§ EXERCISE DATA
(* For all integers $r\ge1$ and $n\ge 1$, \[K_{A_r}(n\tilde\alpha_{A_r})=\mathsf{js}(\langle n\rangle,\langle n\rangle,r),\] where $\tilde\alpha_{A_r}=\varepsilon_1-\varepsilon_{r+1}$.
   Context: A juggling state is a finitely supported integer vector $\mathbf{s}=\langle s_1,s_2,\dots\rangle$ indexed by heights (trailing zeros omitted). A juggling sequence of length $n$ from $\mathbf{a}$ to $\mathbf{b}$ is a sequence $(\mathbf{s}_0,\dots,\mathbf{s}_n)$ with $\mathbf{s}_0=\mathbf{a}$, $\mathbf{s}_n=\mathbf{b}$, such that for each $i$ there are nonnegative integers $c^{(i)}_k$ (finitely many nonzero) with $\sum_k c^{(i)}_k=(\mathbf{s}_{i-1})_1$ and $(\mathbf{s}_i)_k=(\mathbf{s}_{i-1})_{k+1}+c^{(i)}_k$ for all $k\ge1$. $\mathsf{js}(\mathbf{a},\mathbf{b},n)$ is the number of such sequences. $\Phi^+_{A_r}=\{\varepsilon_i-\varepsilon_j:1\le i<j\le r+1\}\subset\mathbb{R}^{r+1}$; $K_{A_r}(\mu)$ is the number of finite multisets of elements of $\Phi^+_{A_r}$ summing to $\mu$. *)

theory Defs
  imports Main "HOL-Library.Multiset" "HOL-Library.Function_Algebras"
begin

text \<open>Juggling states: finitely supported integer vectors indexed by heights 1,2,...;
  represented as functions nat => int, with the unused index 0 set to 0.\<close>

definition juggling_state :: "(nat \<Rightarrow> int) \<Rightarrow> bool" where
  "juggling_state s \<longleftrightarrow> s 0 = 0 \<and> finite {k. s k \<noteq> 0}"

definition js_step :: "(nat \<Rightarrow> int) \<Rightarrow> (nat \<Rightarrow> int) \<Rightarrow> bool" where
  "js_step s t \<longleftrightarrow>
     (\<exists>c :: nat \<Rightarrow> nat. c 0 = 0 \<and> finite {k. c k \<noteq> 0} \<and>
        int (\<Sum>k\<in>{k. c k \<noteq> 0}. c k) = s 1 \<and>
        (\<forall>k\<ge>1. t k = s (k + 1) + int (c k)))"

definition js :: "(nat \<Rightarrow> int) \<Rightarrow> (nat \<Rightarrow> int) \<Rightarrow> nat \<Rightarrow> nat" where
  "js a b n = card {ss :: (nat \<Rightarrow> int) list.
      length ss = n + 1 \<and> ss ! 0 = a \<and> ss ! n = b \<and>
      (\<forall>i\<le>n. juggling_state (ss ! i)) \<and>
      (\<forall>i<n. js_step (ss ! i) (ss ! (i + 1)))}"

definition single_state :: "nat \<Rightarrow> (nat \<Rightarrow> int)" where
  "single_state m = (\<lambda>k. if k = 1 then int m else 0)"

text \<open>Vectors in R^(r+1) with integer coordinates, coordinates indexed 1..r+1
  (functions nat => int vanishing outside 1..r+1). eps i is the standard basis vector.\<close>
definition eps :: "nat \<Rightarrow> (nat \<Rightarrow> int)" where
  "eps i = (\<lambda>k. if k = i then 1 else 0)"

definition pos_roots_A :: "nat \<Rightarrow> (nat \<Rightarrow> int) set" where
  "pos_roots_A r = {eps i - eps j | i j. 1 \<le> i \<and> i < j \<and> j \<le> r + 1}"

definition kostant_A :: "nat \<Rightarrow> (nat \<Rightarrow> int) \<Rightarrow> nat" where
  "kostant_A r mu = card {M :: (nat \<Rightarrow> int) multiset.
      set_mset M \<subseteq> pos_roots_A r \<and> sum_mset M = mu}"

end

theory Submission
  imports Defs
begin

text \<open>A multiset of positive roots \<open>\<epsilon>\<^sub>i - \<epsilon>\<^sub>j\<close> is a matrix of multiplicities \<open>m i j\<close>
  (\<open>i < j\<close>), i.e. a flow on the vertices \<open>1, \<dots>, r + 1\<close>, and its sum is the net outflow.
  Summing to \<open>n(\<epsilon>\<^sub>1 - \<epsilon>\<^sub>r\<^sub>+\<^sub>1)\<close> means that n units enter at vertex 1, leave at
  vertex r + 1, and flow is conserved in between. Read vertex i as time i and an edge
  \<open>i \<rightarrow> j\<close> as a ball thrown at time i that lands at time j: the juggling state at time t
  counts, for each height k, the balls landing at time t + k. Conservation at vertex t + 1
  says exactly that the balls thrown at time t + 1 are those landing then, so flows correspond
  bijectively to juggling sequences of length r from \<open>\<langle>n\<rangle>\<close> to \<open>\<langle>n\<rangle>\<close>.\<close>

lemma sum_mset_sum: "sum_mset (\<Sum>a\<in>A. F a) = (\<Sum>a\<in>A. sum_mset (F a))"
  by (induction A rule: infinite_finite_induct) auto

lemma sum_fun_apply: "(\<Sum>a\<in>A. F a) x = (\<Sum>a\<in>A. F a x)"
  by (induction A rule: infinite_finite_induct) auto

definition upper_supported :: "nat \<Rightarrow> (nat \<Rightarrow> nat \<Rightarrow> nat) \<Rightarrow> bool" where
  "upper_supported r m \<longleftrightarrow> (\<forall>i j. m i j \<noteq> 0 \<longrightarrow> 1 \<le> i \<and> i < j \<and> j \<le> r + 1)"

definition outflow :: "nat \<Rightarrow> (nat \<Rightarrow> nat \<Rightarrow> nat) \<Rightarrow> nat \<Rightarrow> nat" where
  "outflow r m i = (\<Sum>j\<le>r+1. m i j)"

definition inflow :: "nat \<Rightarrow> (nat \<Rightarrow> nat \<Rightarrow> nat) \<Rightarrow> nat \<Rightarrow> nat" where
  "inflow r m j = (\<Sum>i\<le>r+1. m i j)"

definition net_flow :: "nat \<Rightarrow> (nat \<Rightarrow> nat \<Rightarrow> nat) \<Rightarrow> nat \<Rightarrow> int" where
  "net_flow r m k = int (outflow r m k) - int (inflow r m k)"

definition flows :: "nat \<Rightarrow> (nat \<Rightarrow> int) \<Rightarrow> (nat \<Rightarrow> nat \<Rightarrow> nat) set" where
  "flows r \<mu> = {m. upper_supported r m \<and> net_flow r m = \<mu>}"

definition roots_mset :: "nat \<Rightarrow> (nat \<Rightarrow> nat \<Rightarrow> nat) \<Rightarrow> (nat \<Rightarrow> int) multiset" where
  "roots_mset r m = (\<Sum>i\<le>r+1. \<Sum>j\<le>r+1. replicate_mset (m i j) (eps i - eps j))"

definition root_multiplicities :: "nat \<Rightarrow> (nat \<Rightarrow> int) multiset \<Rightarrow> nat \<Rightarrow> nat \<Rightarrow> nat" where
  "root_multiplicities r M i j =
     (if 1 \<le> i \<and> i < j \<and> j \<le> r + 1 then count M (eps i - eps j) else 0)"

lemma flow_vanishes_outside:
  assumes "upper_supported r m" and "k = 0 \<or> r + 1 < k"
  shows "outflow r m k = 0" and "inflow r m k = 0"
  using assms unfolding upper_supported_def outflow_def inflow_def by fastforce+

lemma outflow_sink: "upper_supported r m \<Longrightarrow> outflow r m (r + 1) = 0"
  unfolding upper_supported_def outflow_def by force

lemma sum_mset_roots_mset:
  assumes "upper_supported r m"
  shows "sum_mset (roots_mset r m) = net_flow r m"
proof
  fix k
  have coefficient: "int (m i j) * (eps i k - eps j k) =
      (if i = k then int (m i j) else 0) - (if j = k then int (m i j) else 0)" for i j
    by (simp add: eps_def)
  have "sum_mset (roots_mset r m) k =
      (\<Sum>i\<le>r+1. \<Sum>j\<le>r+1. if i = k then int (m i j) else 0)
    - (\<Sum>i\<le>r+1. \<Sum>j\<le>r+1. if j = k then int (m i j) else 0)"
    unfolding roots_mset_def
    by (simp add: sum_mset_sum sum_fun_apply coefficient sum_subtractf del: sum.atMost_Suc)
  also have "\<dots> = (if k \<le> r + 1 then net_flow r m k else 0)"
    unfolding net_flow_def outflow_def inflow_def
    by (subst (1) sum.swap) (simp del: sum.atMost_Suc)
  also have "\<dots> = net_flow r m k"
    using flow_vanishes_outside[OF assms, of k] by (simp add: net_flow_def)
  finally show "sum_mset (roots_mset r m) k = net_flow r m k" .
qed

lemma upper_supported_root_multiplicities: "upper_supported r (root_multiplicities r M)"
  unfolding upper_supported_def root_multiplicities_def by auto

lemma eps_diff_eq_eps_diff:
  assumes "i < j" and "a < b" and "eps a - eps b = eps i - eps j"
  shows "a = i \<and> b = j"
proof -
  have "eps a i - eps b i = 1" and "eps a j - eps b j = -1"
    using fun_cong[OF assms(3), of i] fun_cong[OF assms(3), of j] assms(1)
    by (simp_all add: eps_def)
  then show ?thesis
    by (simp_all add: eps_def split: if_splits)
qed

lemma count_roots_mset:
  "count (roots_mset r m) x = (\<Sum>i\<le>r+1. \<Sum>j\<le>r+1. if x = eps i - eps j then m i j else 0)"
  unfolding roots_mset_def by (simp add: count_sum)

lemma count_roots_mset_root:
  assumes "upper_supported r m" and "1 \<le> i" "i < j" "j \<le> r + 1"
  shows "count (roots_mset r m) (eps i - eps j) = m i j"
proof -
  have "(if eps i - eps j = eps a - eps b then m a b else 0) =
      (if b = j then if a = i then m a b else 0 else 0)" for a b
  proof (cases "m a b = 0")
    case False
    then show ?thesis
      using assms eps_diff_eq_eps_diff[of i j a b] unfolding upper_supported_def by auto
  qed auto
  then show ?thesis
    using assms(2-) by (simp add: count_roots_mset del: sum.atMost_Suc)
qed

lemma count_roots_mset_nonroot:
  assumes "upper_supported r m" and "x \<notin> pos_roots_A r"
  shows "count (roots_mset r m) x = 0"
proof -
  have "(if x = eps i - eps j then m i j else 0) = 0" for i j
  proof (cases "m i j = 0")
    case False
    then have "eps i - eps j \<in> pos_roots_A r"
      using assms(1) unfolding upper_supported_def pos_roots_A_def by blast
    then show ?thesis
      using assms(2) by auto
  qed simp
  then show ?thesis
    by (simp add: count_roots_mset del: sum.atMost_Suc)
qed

§ EXERCISE DIRECTIONS
Once you have checked every line of the material above, return the ones that hold the string "thrown".

§ RESPONSE TO THIS TASK
  \<open>i \<rightarrow> j\<close> as a ball thrown at time i that lands at time j: the juggling state at time t
  says exactly that the balls thrown at time t + 1 are those landing then, so flows correspond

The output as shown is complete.